Every process cannot send messages after taking tentative checkpoint.
All processes will finally have the single same decision: do or discard.
A process says no to a request if it fails to take a tentative checkpoint.
If Pi learns that all the processes have successfully taken tentative checkpoints, Pi decides that all
tentative checkpoints should be made permanent; otherwise, Pi decides that all the tentative checkpoints
should be discarded.
Phase II:
Pi propagates its decision to all processes.
On receiving the message from Pi ,all process act accordingly.

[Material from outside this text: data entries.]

lemma padic_val_rat_of_int_div:
  fixes p x y :: int
  assumes "prime p" "x \<noteq> 0" "y \<noteq> 0"
  shows "padic_val_rat p (of_int x / of_int y) = int (multiplicity p x) - int (multiplicity p y)"
proof -
  obtain n m where q: "quotient_of (of_int x / of_int y) = (n, m)"
    by (cases "quotient_of (of_int x / of_int y)")
  have "m > 0" using quotient_of_denom_pos[OF q] .
  moreover have "(of_int x / of_int y :: rat) = of_int n / of_int m"
    using quotient_of_div[OF q] .
  ultimately have "(of_int (x * m) :: rat) = of_int (n * y)"
    using assms by (simp add: field_simps)
  then have eq: "x * m = n * y" by (simp only: of_int_eq_iff)
  with assms \<open>m > 0\<close> have "n \<noteq> 0" by auto
  from eq have "multiplicity p x + multiplicity p m = multiplicity p n + multiplicity p y"
    using assms \<open>m > 0\<close> \<open>n \<noteq> 0\<close>
    by (metis prime_imp_prime_elem prime_elem_multiplicity_mult_distrib less_irrefl)
  then show ?thesis unfolding padic_val_rat_def q by simp
qed

lemma padic_abs_partial_sum:
  fixes p :: int
  assumes "prime p" "\<not> p dvd a" "a \<noteq> 0" "b \<noteq> 0"
    and "tail_numerator a b k d (k - int n) \<noteq> 0"
  shows "padic_abs p (partial_sum a b k d n) = real_of_int p powr
      (real_of_int (k * int (multiplicity p b)) - multiplicity p (tail_numerator a b k d (k - int n)))"
proof -
  define l where "l = k - int n"
  define M where "M = tail_numerator a b k d l"
  define X where "X = a ^ nat l * b ^ nat (- l) * M"
  define Y where "Y = b ^ nat l * a ^ nat (- l) * b ^ n"
  have "M \<noteq> 0" using assms(5) unfolding M_def l_def .
  then have "X \<noteq> 0" "Y \<noteq> 0" unfolding X_def Y_def using assms(3,4) by simp_all
  have psum: "(partial_sum a b k d n :: rat) = of_int X / of_int Y"
    unfolding partial_sum_eq_power_int_times_tail[OF assms(3,4)]
      power_int_fraction_of_int[OF assms(3)] l_def[symmetric] M_def[symmetric] X_def Y_def
    by simp
  have pe: "prime_elem p" using assms(1) by (rule prime_imp_prime_elem)
  have "multiplicity p a = 0" using assms(2) by (rule not_dvd_imp_multiplicity_0)
  then have "multiplicity p X = nat (- l) * multiplicity p b + multiplicity p M"
    and "multiplicity p Y = nat l * multiplicity p b + n * multiplicity p b"
    unfolding X_def Y_def using pe assms(3,4) \<open>M \<noteq> 0\<close>
    by (simp_all add: prime_elem_multiplicity_mult_distrib prime_elem_multiplicity_power_distrib)
  then have "padic_val_rat p (partial_sum a b k d n) =
      int (multiplicity p M) - k * int (multiplicity p b)"
    unfolding psum padic_val_rat_of_int_div[OF assms(1) \<open>X \<noteq> 0\<close> \<open>Y \<noteq> 0\<close>] l_def
    by (cases "k \<ge> int n") (simp_all add: algebra_simps)
  moreover have "(partial_sum a b k d n :: rat) \<noteq> 0"
    unfolding psum using \<open>X \<noteq> 0\<close> \<open>Y \<noteq> 0\<close> by simp
  ultimately show ?thesis
    unfolding padic_abs_def M_def l_def by simp
qed

lemma multiplicity_add_eq_right:
  fixes p x y :: int
  assumes "prime p" "y \<noteq> 0" "p ^ Suc (multiplicity p y) dvd x"
  shows "x + y \<noteq> 0 \<and> multiplicity p (x + y) = multiplicity p y"
proof -
  let ?c = "multiplicity p y"
  have "\<not> p ^ Suc ?c dvd y"
  proof
    assume "p ^ Suc ?c dvd y"
    then have "Suc ?c \<le> ?c" using assms(1,2) by (intro multiplicity_geI) auto
    then show False by simp
  qed
  then have nsuc: "\<not> p ^ Suc ?c dvd x + y" using assms(3) by (simp add: dvd_add_right_iff)
  have "p ^ ?c dvd x"
    using dvd_trans[OF le_imp_power_dvd[of ?c "Suc ?c" p] assms(3)] by simp
  then have "p ^ ?c dvd x + y" using multiplicity_dvd by (rule dvd_add)
  from multiplicity_eqI[OF this nsuc] nsuc show ?thesis by auto
qed

lemma multiplicity_tail_numerator_stable:
  fixes p :: int
  assumes "prime p" "\<not> p dvd a" "l \<le> k" "tail_numerator a b k d l \<noteq> 0"
    and small: "multiplicity p (tail_numerator a b k d l) < multiplicity p (b ^ Suc (nat (k - l)))"
  shows "tail_numerator a b k d (l - int t) \<noteq> 0 \<and>
    multiplicity p (tail_numerator a b k d (l - int t)) = multiplicity p (tail_numerator a b k d l)"
proof (induction t)
  case 0
  with assms show ?case by simp
next
  case (Suc t)
  let ?M = "tail_numerator a b k d" and ?c = "multiplicity p (tail_numerator a b k d l)"
  let ?x = "d (l - int t - 1) * b ^ Suc (nat (k - (l - int t)))" and ?y = "a * ?M (l - int t)"
  have "a \<noteq> 0" using assms(2) by auto
  with Suc.IH have "?y \<noteq> 0" by simp
  have "multiplicity p ?y = ?c"
    using Suc.IH \<open>a \<noteq> 0\<close> not_dvd_imp_multiplicity_0[OF assms(2)]
      prime_elem_multiplicity_mult_distrib[OF prime_imp_prime_elem[OF assms(1)]]
    by simp
  have "p ^ Suc ?c dvd b ^ Suc (nat (k - l))"
    using small by (intro multiplicity_dvd') simp
  also have "\<dots> dvd b ^ Suc (nat (k - (l - int t)))"
    using assms(3) by (intro le_imp_power_dvd) simp
  finally have "p ^ Suc (multiplicity p ?y) dvd ?x"
    unfolding \<open>multiplicity p ?y = ?c\<close> by simp
  then have "?x + ?y \<noteq> 0 \<and> multiplicity p (?x + ?y) = ?c"
    using multiplicity_add_eq_right[OF assms(1) \<open>?y \<noteq> 0\<close>] \<open>multiplicity p ?y = ?c\<close> by simp
  moreover have "?M (l - int (Suc t)) = ?x + ?y"
  proof -
    have "l - int (Suc t) = l - int t - 1" by simp
    moreover have "?M (l - int t - 1) = ?x + ?y"
      using assms(3) by (intro tail_numerator_step) simp
    ultimately show ?thesis by (simp only:)
  qed
  ultimately show ?case by simp
qed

Correctness of the algorithm
Either all or none of the processes take permanent checkpoint
No process sends message after taking permanent checkpoint.
Rollback recovery algorithm
This algorithm restore the system state to a consistent state after a failure.
Phase I:
An initiating process Pi sends a message to all other processes to check if they are willing to restart
from their previous checkpoints.
A process may reply no to a restart request due to any reason.
If Pi learns that all processes are willing to restart from their previous checkpoints, Pi decides that all
processes should roll back to their previous checkpoints.
Otherwise, Pi aborts the rollback attempt and it may attempt a recovery at a later time.
Phase II:
Pi propagates its decision to all processes.
On receiving the message from Pi ,all process act accordingly.
Correctness
All processes restart from an appropriate state because, if they decide to restart, they resume execution from a
consistent state.
Explain Juang-Venkatesan algorithm for asynchronous checkpointing and recovery in detail.
Assumptions
communication channels are reliable
delivery messages in FIFO order
infinite buffers
message
transmission delay is arbitrary but finite
Two type of log storage are maintained
Volatile log: short time to access but lost if processor crash.
Stable log: longer time to access but remained if crashed.
Asynchronous checkpointing:
After executing an event, a processor records a triplet (s, m, msg_sent) in its volatile storage.
s: state of the processor before the event
m: message
msgs_sent: set of messages sent by the processor during the event.
Local checkpoint consist of set of records, first are stored in volatile log, then moved to stable log.
Recovery algorithm
Notations:
𝑅𝐶𝑉𝐷𝑖←𝑗 (𝐶𝑘𝑃𝑡𝑖): number of messages received by 𝑝𝑖 from 𝑝𝑗 , from the beginning of computation to checkpoint
𝐶𝑘𝑃𝑡𝑖
𝑆𝐸𝑁𝑇𝑖→𝑗 (𝐶𝑘𝑃𝑡𝑖): number of messages sent by 𝑝𝑖 to 𝑝 , from the beginning of computation to checkpoint 𝐶𝑘𝑃𝑡i
Idea:
From the set of checkpoints, find a set of consistent checkpoints
This is done based on the number of messages sent and received.
Recovery may involve multiple iterations of roll backs by processors.
Whenever a processor rolls back, it is necessary for all other processors to find out if any message sent
by the rolled back processor has become an orphan message.
The orphan messages are identified by comparing the number of messages sent to and received from
neighboring processors.
When a processor restarts after a failure, it broadcasts a ROLLBACK message that it has failed.
Because of the broadcast of ROLLBACK messages, the recovery algorithm is initiated at all processors.